Background: Fibromatoses are a group of semimalignant tumors which grow infiltratively without metastases. If radical surgery is not at all possible or only by mutilation the question of neoadjuvant concepts arises.

Patients: We report on therapy and outcome of 36 patients registered to the German CWS study group and the Italian ICG study group for soft tissue sarcoma who were between 0 and 23 years of age. 15 had a histology of infantile (myo-) fibromatosis (9 unifocal, 6 multifocal). 15 patients had desmoid-like, aggressive fibromatosis.

Methods: We performed a retrospective analysis of the patients registered to the CWS and ICG study group. For literature review a medline search was performed.

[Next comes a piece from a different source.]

(* Let $\langle\mathcal{X},\mathsf{cap}\rangle$ be a $\textsf{VCh}$ instance with $\mathcal{X}=\langle\mathsf{S},\mathsf{po}\rangle$, and let $G_{\mathsf{frontier}}$ be its frontier graph. Then $\langle\mathcal{X},\mathsf{cap}\rangle$ is consistent if and only if some sink node of $G_{\mathsf{frontier}}$ is reachable from the source node.
   Context: Channels and events. Each channel $\mathtt{ch}$ has a capacity $\mathsf{cap}(\mathtt{ch})\in\mathbb{N}$; $\mathtt{ch}$ is synchronous if $\mathsf{cap}(\mathtt{ch})=0$ and asynchronous otherwise. An event is a tuple $e=\langle id,\tau,\mathsf{op}(\mathtt{ch},\mathsf{val})\rangle$ with a unique identifier $id$, a thread $\tau$, an operation $\mathsf{op}\in\{\mathtt{snd},\mathtt{rcv}\}$, a channel $\mathtt{ch}$ and a value $\mathsf{val}$. An execution is a finite sequence $\sigma$ of distinct events. $\sigma$ is well-formed (w.r.t. $\mathsf{cap}$) if: (i) for every asynchronous $\mathtt{ch}$ and every prefix $\pi$ of $\sigma$, $R_\pi(\mathtt{ch})\le S_\pi(\mathtt{ch})\le R_\pi(\mathtt{ch})+\mathsf{cap}(\mathtt{ch})$, where $S_\pi(\mathtt{ch})$, $R_\pi(\mathtt{ch})$ are the numbers of send, resp. receive, events on $\mathtt{ch}$ in $\pi$; (ii) for every synchronous $\mathtt{ch}$, every send on $\mathtt{ch}$ is immediately followed in $\sigma$ by a receive on $\mathtt{ch}$ of a different thread, and every receive on $\mathtt{ch}$ is immediately preceded in $\sigma$ by a send on $\mathtt{ch}$ of a different thread; (iii) for every channel $\mathtt{ch}$ and every $i$, if $\sigma$ contains an $i$-th receive on $\mathtt{ch}$, then the $i$-th send on $\mathtt{ch}$ has the same value as it. The program order $\mathsf{po}_\sigma$ is the set of pairs $(e,f)$ with $e$ before $f$ in $\sigma$ and in the same thread. An abstract execution is $\mathcal{X}=\langle \mathsf{S},\mathsf{po}\rangle$ where $\mathsf{S}$ is a finite set of events and $\mathsf{po}$ is a strict order that totally orders the events of each thread and relates no events of different threads. Given a capacity function $\mathsf{cap}$ on the channels occurring in $\mathsf{S}$, an execution $\sigma$ concretizes $\langle\mathcal{X},\mathsf{cap}\rangle$ if its set of events is $\mathsf{S}$, $\mathsf{po}_\sigma=\mathsf{po}$ and $\sigma$ is well-formed; $\langle\mathcal{X},\mathsf{cap}\rangle$ is consistent if it has a concretization. Frontier graph. For $Y\subseteq\mathsf{S}$ let $\#^{Y}_{\mathtt{snd}}(\mathtt{ch})$, $\#^{Y}_{\mathtt{rcv}}(\mathtt{ch})$ be the numbers of send, resp. receive, events on $\mathtt{ch}$ in $Y$. The nodes of $G_{\mathsf{frontier}}$ are triples $\langle Y,Q,I\rangle$ such that: (1) $Y\subseteq\mathsf{S}$ is downward closed under $\mathsf{po}$; for all synchronous channels $\mathtt{ch}$, $\#^{Y}_{\mathtt{rcv}}(\mathtt{ch})=\#^{Y}_{\mathtt{snd}}(\mathtt{ch})$ except for at most one synchronous channel, for which $\#^{Y}_{\mathtt{rcv}}(\mathtt{ch})=\#^{Y}_{\mathtt{snd}}(\mathtt{ch})-1$; and for every asynchronous $\mathtt{ch}$, $\#^{Y}_{\mathtt{rcv}}(\mathtt{ch})\le\#^{Y}_{\mathtt{snd}}(\mathtt{ch})\le\#^{Y}_{\mathtt{rcv}}(\mathtt{ch})+\mathsf{cap}(\mathtt{ch})$; (2) $Q$ maps each asynchronous channel $\mathtt{ch}$ to a sequence of events of $Y$ of length at most $\mathsf{cap}(\mathtt{ch})$, such that each event $e$ occurring in $Q(\mathtt{ch})$ is one of the last $|Q(\mathtt{ch})|$ send events on $\mathtt{ch}$ of the thread of $e$; (3) $I$ is $\bot$ if all synchronous channels satisfy $\#^{Y}_{\mathtt{rcv}}=\#^{Y}_{\mathtt{snd}}$, and otherwise $I$ is a send event on the (unique) synchronous channel $\mathtt{ch}$ with $\#^{Y}_{\mathtt{rcv}}(\mathtt{ch})=\#^{Y}_{\mathtt{snd}}(\mathtt{ch})-1$. The source node is $\langle\emptyset,\lambda\mathtt{ch}.\epsilon,\bot\rangle$; the sink nodes are all nodes of the form $\langle\mathsf{S},Q,\bot\rangle$. There is an edge $\langle Y_1,Q_1,I_1\rangle\to\langle Y_2,Q_2,I_2\rangle$ iff there is $e\in\mathsf{S}\setminus Y_1$ with $Y_2=Y_1\cup\{e\}$, and, letting $\mathtt{ch}$ be the channel of $e$: (a) if $\mathtt{ch}$ is asynchronous and $e$ is a receive: $I_1=I_2=\bot$, $Q_1(\mathtt{ch})$ is nonempty, its first event has the same value as $e$, $Q_1(\mathtt{ch})=f\cdot Q_2(\mathtt{ch})$ for that first event $f$, and $Q_2(\mathtt{ch}')=Q_1(\mathtt{ch}')$ for all other asynchronous $\mathtt{ch}'$; (b) if $\mathtt{ch}$ is asynchronous and $e$ is a send: $I_1=I_2=\bot$, $|Q_1(\mathtt{ch})|<\mathsf{cap}(\mathtt{ch})$, $Q_2(\mathtt{ch})=Q_1(\mathtt{ch})\cdot e$, and $Q_2(\mathtt{ch}')=Q_1(\mathtt{ch}')$ for all other asynchronous $\mathtt{ch}'$; (c) if $\mathtt{ch}$ is synchronous and $e$ is a send: $I_1=\bot$, $I_2=e$, and $Q_1=Q_2$; (d) if $\mathtt{ch}$ is synchronous and $e$ is a receive: $I_1=e'\neq\bot$ where $e'$ is a send on $\mathtt{ch}$ with the same value as $e$ and a thread different from that of $e$, $I_2=\bot$, and $Q_1=Q_2$. *)

theory Defs
  imports Main
begin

Results: 23 patients received chemotherapy with anthracyclines (VAIA) or without (VAC) or monotherapy with alkylating agents. In 19 cases response to chemotherapy was measurable. In 9 patients tumors responded to chemotherapy. In some cases response was evident only after 20 weeks of treatment. In the group of non responders treatment was stopped early (after 4 weeks) in some cases. Relapses occurred mainly in the group of desmoid-like, aggressive fibromatosis (7 out of 15). In the group of infantile (myo-) fibromatosis only one patient suffered a relapse (1 out of 9). The literature review showed that mainly ADR/DTIC, VAC and MTX/VBL was used for inoperable fibromatoses. Concerning the response rates there where no major differences. Concerning toxicity the regimen with methotrexate and vinblastine seems superior to the others.

Conclusions: As a chemotherapy regimen of first choice vinblastine with low dose methotrexate can be recommended. The therapy should not be stopped before the 20th week of treatment. The histological subgroup can provide good information on the relapse rate and aggressivity to be expected.